Copyright (c) Microsoft Corporation. All rights reserved.  
Licensed under the MIT License.

# Using a Trained Model for Realtime Inference

If your system requires low-latency processing (to process a single document or small set of documents quickly), then the realtime inference is the right choice. In this notebook, we will demonstrate how to make a prediction of an input sentence with a trained [fastText](https://fasttext.cc/) model.

The outline of this notebook is as follows:

- Visualize the pipeline associated with the pipeline run.
- Get a step run with information from the visualization.
- Get the port with the trained model from the step run.
- Download the model from the port and register it to the workspace.
- Deploy the model to local/ACI/AKS.

## Prerequisites
If you are using an Azure Machine Learning Notebook VM, you are all set. Otherwise, make sure you go through the configuration Notebook located at https://github.com/Azure/MachineLearningNotebooks first. This sets you up with a working config file that has information on your workspace, subscription id, etc.


In [1]:
import os
from azureml.core import Model, Workspace, Run
from azureml.core.compute import AksCompute, ComputeTarget
from azureml.core.environment import Environment
from azureml.core.experiment import Experiment
from azureml.core.model import InferenceConfig
from azureml.core.webservice import LocalWebservice, AciWebservice, AksWebservice
from azureml.pipeline.wrapper import PipelineRun

### Connect to workspace
Create a workspace object from the existing workspace. Workspace.from_config() reads the file config.json and loads the details into an object named workspace.


In [2]:
workspace = Workspace.from_config('config.json')
print(workspace.name, workspace.resource_group, workspace.location, workspace.subscription_id,
      workspace.compute_targets.keys(), sep='\n')

DesignerDRI_EASTUS
DesignerDRI
eastus
74eccef0-4b8d-4f83-b5f9-fa100d155b22
dict_keys(['attached-aks', 'default', 'compute', 'aml-compute', 'aml-compute-gpu'])

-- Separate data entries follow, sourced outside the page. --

lemma holds_transfer:
  assumes "positive \<phi>" "fv \<phi> = {}" "holds Y \<sigma> \<phi>"
  shows "holds X \<rho> \<phi>"
  unfolding holds_def
proof (intro allI impI)
  fix e' :: "nat \<Rightarrow> 'a"
  obtain y where "y \<in> Y" using C_subset C_infinite infinite_imp_nonempty by blast
  then have "sat Y \<sigma> \<phi> (\<lambda>_. y)" using assms(3) unfolding holds_def by simp
  moreover have "good_position (qdepth \<phi>) {} (\<lambda>_. y) e'" unfolding good_position_def by simp
  ultimately show "sat X \<rho> \<phi> e'" using sat_transfer assms(1,2) by blast
qed

lemma bij_hom_exists:
  assumes "countable X" "countable Y" "infinite {x \<in> X. \<rho>``{x} = {x}}"
  obtains h where "bij_betw h X Y" "\<forall>a b. (a, b) \<in> \<rho> \<longrightarrow> (h a, h b) \<in> \<sigma>"
proof -
  define S where "S = {x \<in> X. \<rho>``{x} = {x}}"
  have "infinite (X - S)"
  proof
    assume "finite (X - S)"
    obtain K where K: "K \<in> X//\<rho>" "max 2 (Suc (card (X - S))) \<le> card K"
      using classes_unbounded by blast
    have "K \<subseteq> X - S"
    proof
      fix x assume "x \<in> K"
      moreover have "K \<noteq> {x}" using K(2) by auto
      ultimately show "x \<in> X - S"
        using class_eq[OF K(1)] in_quotient_imp_subset[OF equiv_X K(1)] unfolding S_def by auto
    qed
    then have "card K \<le> card (X - S)" using \<open>finite (X - S)\<close> card_mono by blast
    then show False using K(2) by simp
  qed
  have "countable S" "countable (X - S)"
    by (rule countable_subset[OF _ assms(1)], use S_def in blast)+
  moreover have "countable (Y - C)" "countable C"
    by (rule countable_subset[OF _ assms(2)], use C_subset in blast)+
  moreover have "infinite S" using assms(3) unfolding S_def .
  ultimately obtain f1 f2 where f1: "bij_betw f1 S (Y - C)" and f2: "bij_betw f2 (X - S) C"
    using countable_infinite_bij_betw \<open>infinite (X - S)\<close> infinite_outside_C C_infinite by metis
  define h where "h x = (if x \<in> S then f1 x else f2 x)" for x
  have "bij_betw h (S \<union> (X - S)) ((Y - C) \<union> C)"
    unfolding h_def by (rule bij_betw_disjoint_Un[OF f1 f2]) auto
  moreover have "S \<union> (X - S) = X" "(Y - C) \<union> C = Y" using C_subset unfolding S_def by auto
  ultimately have bij: "bij_betw h X Y" by simp
  have "(h a, h b) \<in> \<sigma>" if "(a, b) \<in> \<rho>" for a b
  proof (cases "a \<in> S")
    case True
    then have "b = a" using that unfolding S_def by auto
    then show ?thesis using Y_refl bij True unfolding S_def by (auto simp: bij_betw_def)
  next
    case False
    moreover have "b \<notin> S"
    proof
      assume "b \<in> S"
      then have "a = b" using X_sym[OF that] unfolding S_def by blast
      then show False using False \<open>b \<in> S\<close> by simp
    qed
    moreover have "a \<in> X" "b \<in> X" using that equiv_type[OF equiv_X] by blast+
    ultimately have "h a \<in> C" "h b \<in> C" using f2 unfolding h_def bij_betw_def by auto
    then show ?thesis by (rule C_related)
  qed
  then show thesis using that bij by blast
qed

lemma pos_equiv_if_countable:
  assumes "countable X" "countable Y" "infinite {x \<in> X. \<rho>``{x} = {x}}"
  shows "pos_equiv X \<rho> Y \<sigma>"
proof -
  obtain h where "bij_betw h X Y" "\<forall>a b. (a, b) \<in> \<rho> \<longrightarrow> (h a, h b) \<in> \<sigma>"
    using bij_hom_exists assms by blast
  then show ?thesis unfolding pos_equiv_def using holds_bij_hom holds_transfer by blast
qed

### Get a list of experiment names from the workspace

In [3]:
exp_name_list = [exp.name for exp in Experiment.list(workspace)]
exp_name_list

['sample10',
 'sample5',
 'sample5-realtime',
 'simple10-batch',
 'pythonscript',
 'Data_dependency',
 'clement',
 'new_module',
 'test_module2',
 'test_m',
 'module_SDK_local_module_test',
 'fasttext_pipeline',
 'fasttext_batch_inference',
 'fasttext_pipeline2']

### Choose the experiment you want with its name

In [4]:
experiment_name = "fasttext_pipeline"
experiment = Experiment(workspace, experiment_name)
experiment

Name,Workspace,Report Page,Docs Page
fasttext_pipeline,DesignerDRI_EASTUS,Link to Azure Machine Learning studio,Link to Documentation


### Choose the latest and completed run

In [5]:
# azureml.pipeline.core.run.PipelineRun
run = Run.list(experiment, status='Completed').__next__()
run

Experiment,Id,Type,Status,Details Page,Docs Page
fasttext_pipeline,0a6a356c-39e9-41b5-a486-af5a0ea72c05,azureml.PipelineRun,Completed,Link to Azure Machine Learning studio,Link to Documentation


### Get a PipelineRun object

In [6]:
run_id = run.id
# azureml.pipeline.wrapper.PipelineRun
pipeline_run = PipelineRun(experiment, run_id)
pipeline_run

Experiment,Id,Type,Status,Details Page,Docs Page
fasttext_pipeline,0a6a356c-39e9-41b5-a486-af5a0ea72c05,azureml.PipelineRun,Completed,Link to Azure Machine Learning studio,Link to Documentation


### Visualize the pipeline

In [7]:
pipeline_run.visualize()

<IPython.core.display.Javascript object>

ValidateView(container_id='container_id_f1fa523c-37e5-45f7-80a5-c27619c83479_widget', env_json='{}', graph_jso…

### Get a StepRun object

In [8]:
# obtain step_run_id from the visualization result.
step_run_id = '845ab0f8-eac2-49b4-b3fc-6cc6f1541ee7'
step_run = pipeline_run.get_step_run(step_run_id)
step_run

Experiment,Id,Type,Status,Details Page,Docs Page
fasttext_pipeline,845ab0f8-eac2-49b4-b3fc-6cc6f1541ee7,azureml.StepRun,Completed,Link to Azure Machine Learning studio,Link to Documentation


### Download the trained model from the port

In [9]:
# name will be from the visualization result.
# get_port() should supports three kinds of names: (1)the_better_model (2)The better model (3)The_better_model
port = step_run.get_port(name='The better model')
saved_path = port.download(overwrite=True)
print('model save at: {}'.format(saved_path))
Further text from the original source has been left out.